(What you are asked to do):
Copy every line of the data in which the word "subseteq" occurs.

(Given records):
(* Let $n\ge 2$, $\delta\in(0,1/2)$, let $g$ be admissible with $$-\infty<\liminf_{x\downarrow 0}x g(x)\le\limsup_{x\downarrow 0}x g(x)<0,$$ and let $X$ be the market model driven by $g$ with all $\mu_i(0)\in(0,1-\delta)$. Then, almost surely, no market weight $\mu_i$ ever reaches $0$ (up to the first time some market weight reaches $1-\delta$).
   Context: Fix an integer $n\ge 2$ and $\delta\in(0,1)$. A continuous function $g:(0,1-\delta)\to\mathbb{R}$ is called admissible if $\lim_{x\uparrow 1-\delta}g(x)=+\infty$. Let $W=(W_1,\dots,W_n)$ be an $n$-dimensional standard Brownian motion on a filtered probability space whose filtration satisfies the usual conditions and is generated by $W$. The market model driven by $g$ is an $(0,\infty)^n$-valued continuous process $X(t)=(X_1(t),\dots,X_n(t))$ satisfying $$d\log X_i(t)=-g(\mu_i(t))\,dt+dW_i(t),\qquad i=1,\dots,n,$$ where $S(t)=X_1(t)+\dots+X_n(t)$ and $\mu_i(t)=X_i(t)/S(t)$ are the market weights (the equation makes sense as long as all $\mu_i(t)\in(0,1-\delta)$). *)

theory Defs
  imports "HOL-Probability.Probability"
begin

definition admissible :: "real \<Rightarrow> (real \<Rightarrow> real) \<Rightarrow> bool" where
  "admissible \<delta> g \<longleftrightarrow> continuous_on {0<..<1-\<delta>} g \<and> filterlim g at_top (at_left (1-\<delta>))"

definition std_BM :: "'a measure \<Rightarrow> nat \<Rightarrow> (nat \<Rightarrow> real \<Rightarrow> 'a \<Rightarrow> real) \<Rightarrow> bool" where
  "std_BM M n W \<longleftrightarrow>
     (\<forall>i<n. \<forall>t\<ge>0. W i t \<in> borel_measurable M) \<and>
     (\<forall>\<omega>\<in>space M. \<forall>i<n. W i 0 \<omega> = 0 \<and> continuous_on {0..} (\<lambda>t. W i t \<omega>)) \<and>
     (\<forall>i<n. \<forall>s t. 0 \<le> s \<and> s < t \<longrightarrow>
        distributed M lborel (\<lambda>\<omega>. W i t \<omega> - W i s \<omega>)
          (\<lambda>x. ennreal (normal_density 0 (sqrt (t - s)) x))) \<and>
     (\<forall>ts :: real list. sorted_wrt (<) ts \<and> ts \<noteq> [] \<and> 0 \<le> hd ts \<longrightarrow>
        prob_space.indep_vars M (\<lambda>_. borel)
          (\<lambda>(i, k) \<omega>. W i (ts ! Suc k) \<omega> - W i (ts ! k) \<omega>)
          ({..<n} \<times> {..<length ts - 1}))"

definition bm_gen :: "'a measure \<Rightarrow> nat \<Rightarrow> (nat \<Rightarrow> real \<Rightarrow> 'a \<Rightarrow> real) \<Rightarrow> real \<Rightarrow> 'a set set" where
  "bm_gen M n W t = {(\<lambda>\<omega>. W i s \<omega>) -` B \<inter> space M | i s B. i < n \<and> 0 \<le> s \<and> s \<le> t \<and> B \<in> sets borel}"

text \<open>Usual augmentation of the natural filtration of W (right-continuous, completed
  with all null sets of M).\<close>
definition bm_filt :: "'a measure \<Rightarrow> nat \<Rightarrow> (nat \<Rightarrow> real \<Rightarrow> 'a \<Rightarrow> real) \<Rightarrow> real \<Rightarrow> 'a set set" where
  "bm_filt M n W t = {A. A \<subseteq> space M \<and> (\<exists>B N.
      B \<in> (\<Inter>u\<in>{t<..}. sigma_sets (space M) (bm_gen M n W u)) \<and> N \<in> null_sets M \<and>
      (A - B) \<union> (B - A) \<subseteq> N)}"

definition adapted_to :: "'a measure \<Rightarrow> (real \<Rightarrow> 'a set set) \<Rightarrow> (real \<Rightarrow> 'a \<Rightarrow> real) \<Rightarrow> bool" where
  "adapted_to M F Y \<longleftrightarrow> (\<forall>t\<ge>0. \<forall>B\<in>sets borel. (Y t) -` B \<inter> space M \<in> F t)"

definition cap :: "nat \<Rightarrow> (nat \<Rightarrow> real \<Rightarrow> 'a \<Rightarrow> real) \<Rightarrow> real \<Rightarrow> 'a \<Rightarrow> real" where
  "cap n X t \<omega> = (\<Sum>j<n. X j t \<omega>)"

definition mweight :: "nat \<Rightarrow> (nat \<Rightarrow> real \<Rightarrow> 'a \<Rightarrow> real) \<Rightarrow> nat \<Rightarrow> real \<Rightarrow> 'a \<Rightarrow> real" where
  "mweight n X i t \<omega> = X i t \<omega> / cap n X t \<omega>"

definition solves_on :: "nat \<Rightarrow> real \<Rightarrow> (real \<Rightarrow> real) \<Rightarrow> (nat \<Rightarrow> real \<Rightarrow> 'a \<Rightarrow> real)
    \<Rightarrow> (nat \<Rightarrow> real \<Rightarrow> 'a \<Rightarrow> real) \<Rightarrow> real \<Rightarrow> 'a \<Rightarrow> bool" where
  "solves_on n \<delta> g W X T \<omega> \<longleftrightarrow>
     (\<forall>i<n. continuous_on {0..<T} (\<lambda>t. X i t \<omega>)) \<and>
     (\<forall>i<n. \<forall>t\<in>{0..<T}. X i t \<omega> > 0 \<and> mweight n X i t \<omega> \<in> {0<..<1-\<delta>}) \<and>
     (\<forall>i<n. \<forall>t\<in>{0..<T}.
        ln (X i t \<omega>) = ln (X i 0 \<omega>) - integral {0..t} (\<lambda>s. g (mweight n X i s \<omega>))
                          + (W i t \<omega> - W i 0 \<omega>))"

end

theory Submission
  imports Defs
begin

text \<open>The argument is pathwise. Write \<open>ln X\<^sub>k = D\<^sub>k + w\<^sub>k\<close> with the drift
  \<open>D\<^sub>k(t) = ln X\<^sub>k(0) - \<integral>\<^sub>0\<^sup>t g(\<mu>\<^sub>k)\<close> and the noise \<open>w\<^sub>k = W\<^sub>k - W\<^sub>k(0)\<close>, which is bounded by
  some \<open>B\<close> on \<open>[0,T]\<close>. Since \<open>g\<close> is bounded below by \<open>-L\<close> on \<open>[exp(-2B)/n, 1-\<delta>)\<close> and tends to
  \<open>-\<infinity>\<close> at \<open>0\<close> (the Limsup condition), there is \<open>\<eta> > 0\<close> with \<open>g < -L\<close> on \<open>(0,\<eta>)\<close>.
  Suppose a gap \<open>D\<^sub>k - D\<^sub>i\<close> reaches a large constant \<open>c\<close>; at the first such time let \<open>j\<close> have
  maximal drift. Then \<open>\<mu>\<^sub>j \<ge> exp(-2B)/n\<close>, so \<open>g(\<mu>\<^sub>j) \<ge> -L\<close>, while \<open>\<mu>\<^sub>i \<le> exp(2B - c) < \<eta>\<close>, so
  \<open>g(\<mu>\<^sub>i) < -L\<close>: the gap \<open>D\<^sub>j - D\<^sub>i\<close>, with derivative \<open>g(\<mu>\<^sub>j) - g(\<mu>\<^sub>i) > 0\<close>, was already at
  least \<open>c\<close> slightly earlier, a contradiction. Bounded gaps bound the ratios \<open>X\<^sub>k/X\<^sub>i\<close> and hence
  \<open>\<mu>\<^sub>i\<close> from below.\<close>

lemma bounded_below_if_tendsto_at_top_at_left:
  fixes g :: "real \<Rightarrow> real"
  assumes cont: "continuous_on {c<..<b} g" and lim: "filterlim g at_top (at_left b)" and "c < a"
  shows "\<exists>L. \<forall>y\<in>{a..<b}. -L \<le> g y"
proof (cases "a < b")
  case True
  have "\<forall>\<^sub>F y in at_left b. 0 \<le> g y"
    using lim unfolding filterlim_at_top by blast
  then obtain b' where "b' < b" and nonneg: "\<And>y. b' < y \<Longrightarrow> y < b \<Longrightarrow> 0 \<le> g y"
    using eventually_at_left[of a b] True by auto
  define a' where "a' = max a ((b' + b) / 2)"
  have "a' < b"
    using True \<open>b' < b\<close> by (simp add: a'_def)
  then have "{a..a'} \<subseteq> {c<..<b}"
    using \<open>c < a\<close> by auto
  then have "bounded (g ` {a..a'})"
    by (intro compact_imp_bounded compact_continuous_image continuous_on_subset[OF cont]) auto
  then obtain K where K: "\<forall>y\<in>{a..a'}. \<bar>g y\<bar> \<le> K"
    unfolding bounded_real by blast
  have "-\<bar>K\<bar> \<le> g y" if "y \<in> {a..<b}" for y
  proof (cases "y \<le> a'")
    case True
    then show ?thesis using K that by force
  next
    case False
    then have "b' < y"
      using \<open>b' < b\<close> by (simp add: a'_def max_def split: if_splits)
    then show ?thesis
      using nonneg that by force
  qed
  then show ?thesis by blast
qed auto

lemma filterlim_at_bot_at_right_0_if_Limsup_mult_neg:
  fixes g :: "real \<Rightarrow> real"
  assumes "Limsup (at_right 0) (\<lambda>x. ereal (x * g x)) < 0"
  shows "filterlim g at_bot (at_right 0)"
  unfolding filterlim_at_bot
proof
  fix Z :: real
  obtain c where c: "Limsup (at_right 0) (\<lambda>x. ereal (x * g x)) < ereal c" "ereal c < 0"
    using ereal_dense2[OF assms] by blast
  have "\<forall>\<^sub>F x in at_right 0. x * g x < c"
    using Limsup_lessD[OF c(1)] by simp
  moreover have "filterlim (\<lambda>x. c * inverse x) at_bot (at_right (0::real))"
    using filterlim_tendsto_neg_mult_at_bot[OF tendsto_const _ filterlim_inverse_at_top_right] c(2)
    by simp
  then have "\<forall>\<^sub>F x in at_right 0. c * inverse x \<le> Z"
    unfolding filterlim_at_bot by blast
  ultimately show "\<forall>\<^sub>F x in at_right 0. g x \<le> Z"
    using eventually_at_right_less[of 0]
  proof eventually_elim
    case (elim x)
    then have "g x \<le> c * inverse x"
      using pos_le_divide_eq[of x "g x" c] by (simp add: divide_inverse mult.commute)
    then show ?case
      using elim by linarith
  qed
qed

lemma le_exp_mult_if_ln_diff_le:
  fixes a b c :: real
  assumes "0 < a" "0 < b" "ln a - ln b \<le> c"
  shows "a \<le> exp c * b"
proof -
  have "ln a \<le> ln (exp c * b)"
    using assms by (simp add: ln_mult)
  then show ?thesis
    using assms by simp
qed

lemma share_ge_if_dominates:
  fixes x :: "nat \<Rightarrow> real"
  assumes "j < n" "0 < C" "\<And>k. k < n \<Longrightarrow> 0 < x k" "\<And>k. k < n \<Longrightarrow> x k \<le> C * x j"
  shows "1 / (real n * C) \<le> x j / (\<Sum>k<n. x k)"
proof -
  have "(\<Sum>k<n. x k) \<le> real n * C * x j"
    using sum_bounded_above[of "{..<n}" x "C * x j"] assms(4) by simp
  moreover have "0 < (\<Sum>k<n. x k)" "0 < x j" "0 < real n"
    using assms by (auto intro: sum_pos)
  ultimately show ?thesis
    using assms(2) by (simp add: divide_simps) (simp add: algebra_simps)
qed

lemma first_crossing_time:
  fixes P :: "'i \<Rightarrow> real \<Rightarrow> real"
  assumes "finite K" and cont: "\<And>k. k \<in> K \<Longrightarrow> continuous_on {0..t} (P k)"
    and start: "\<And>k. k \<in> K \<Longrightarrow> P k 0 < c"
    and cross: "j \<in> K" "0 \<le> t" "c \<le> P j t"
  shows "\<exists>t0\<in>{0<..t}. (\<exists>k\<in>K. c \<le> P k t0) \<and> (\<forall>s\<in>{0..<t0}. \<forall>k\<in>K. P k s < c)"
proof -
  define A where "A = (\<Union>k\<in>K. {0..t} \<inter> P k -` {c..})"
  have "closed A"
    unfolding A_def using \<open>finite K\<close> cont by (intro closed_UN ballI continuous_closed_preimage) auto
  moreover have "t \<in> A" "bdd_below A"
    using cross by (auto simp: A_def intro: bdd_belowI[of _ 0])
  ultimately have "Inf A \<in> A"
    by (intro closed_contains_Inf) auto
  then obtain k where k: "k \<in> K" "Inf A \<in> {0..t}" "c \<le> P k (Inf A)"
    by (auto simp: A_def)
  have "Inf A \<noteq> 0"
    using start[OF k(1)] k(3) by auto
  then have "0 < Inf A"
    using k(2) by auto
  moreover have "P k s < c" if "k \<in> K" "s \<in> {0..<Inf A}" for k s
  proof -
    have "s \<notin> A"
      using that \<open>bdd_below A\<close> cInf_lower[of s A] by auto
    then show ?thesis
      using that k(2) by (auto simp: A_def)
  qed
  ultimately show ?thesis
    using k by auto
qed

lemma exists_before_integral_le:
  fixes h :: "real \<Rightarrow> real"
  assumes cont: "continuous_on {0..t} h" and "0 < t" "0 < h t"
  shows "\<exists>s\<in>{0..<t}. integral {0..s} h \<le> integral {0..t} h"
proof -
  have "t \<in> {0..t}"
    using \<open>0 < t\<close> by auto
  then obtain d where "0 < d" and near: "\<And>s. s \<in> {0..t} \<Longrightarrow> dist s t < d \<Longrightarrow> dist (h s) (h t) < h t"
    using cont \<open>0 < h t\<close> unfolding continuous_on_iff by blast
  define s where "s = max 0 (t - d / 2)"
  have s: "0 \<le> s" "s < t"
    using \<open>0 < t\<close> \<open>0 < d\<close> by (auto simp: s_def)
  have "0 \<le> h u" if "u \<in> {s..t}" for u
    using near[of u] that s \<open>0 < d\<close> by (force simp: dist_real_def s_def)
  moreover have "h integrable_on {0..t}"
    using cont by (rule integrable_continuous_interval)
  ultimately have "0 \<le> integral {s..t} h"
    using s by (intro integral_nonneg integrable_on_subinterval[OF \<open>h integrable_on {0..t}\<close>]) auto
  moreover have "integral {0..s} h + integral {s..t} h = integral {0..t} h"
    using s \<open>h integrable_on {0..t}\<close> by (intro Henstock_Kurzweil_Integration.integral_combine) auto
  ultimately have "integral {0..s} h \<le> integral {0..t} h"
    by linarith
  then show ?thesis
    using s by auto
qed

lemma uniform_bound_if_continuous_on:
  fixes f :: "'i \<Rightarrow> real \<Rightarrow> real"
  assumes "finite K" "\<And>k. k \<in> K \<Longrightarrow> continuous_on {a..b} (f k)"
  shows "\<exists>B. \<forall>k\<in>K. \<forall>t\<in>{a..b}. \<bar>f k t\<bar> \<le> B"
proof -
  have "bounded (\<Union>k\<in>K. f k ` {a..b})"
    using assms by (intro compact_imp_bounded compact_UN compact_continuous_image) auto
  then show ?thesis
    by (auto simp: bounded_real)
qed

text \<open>A single path of the market model: \<open>x\<close> and \<open>w\<close> stand for \<open>X(\<cdot>, \<omega>)\<close> and
  \<open>W(\<cdot>, \<omega>) - W(0, \<omega>)\<close>, the latter bounded by \<open>B\<close> on \<open>[0, T)\<close>.\<close>
locale market_path =
  fixes n :: nat and \<delta> T B :: real and g :: "real \<Rightarrow> real" and x w :: "nat \<Rightarrow> real \<Rightarrow> real"
  assumes n_pos: "0 < n"
    and x_cont: "\<And>k. k < n \<Longrightarrow> continuous_on {0..<T} (x k)"
    and x_pos: "\<And>k t. k < n \<Longrightarrow> t \<in> {0..<T} \<Longrightarrow> 0 < x k t"
    and share_range: "\<And>k t. k < n \<Longrightarrow> t \<in> {0..<T} \<Longrightarrow> x k t / (\<Sum>j<n. x j t) \<in> {0<..<1-\<delta>}"
    and ln_x: "\<And>k t. k < n \<Longrightarrow> t \<in> {0..<T} \<Longrightarrow>
      ln (x k t) = ln (x k 0) - integral {0..t} (\<lambda>s. g (x k s / (\<Sum>j<n. x j s))) + w k t"
    and noise_bound: "\<And>k t. k < n \<Longrightarrow> t \<in> {0..<T} \<Longrightarrow> \<bar>w k t\<bar> \<le> B"
    and g_cont: "continuous_on {0<..<1-\<delta>} g"
    and g_at_top: "filterlim g at_top (at_left (1-\<delta>))"
    and g_at_bot: "filterlim g at_bot (at_right 0)"
begin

(Response to the exercise):
  "bm_filt M n W t = {A. A \<subseteq> space M \<and> (\<exists>B N.
      (A - B) \<union> (B - A) \<subseteq> N)}"
  then have "{a..a'} \<subseteq> {c<..<b}"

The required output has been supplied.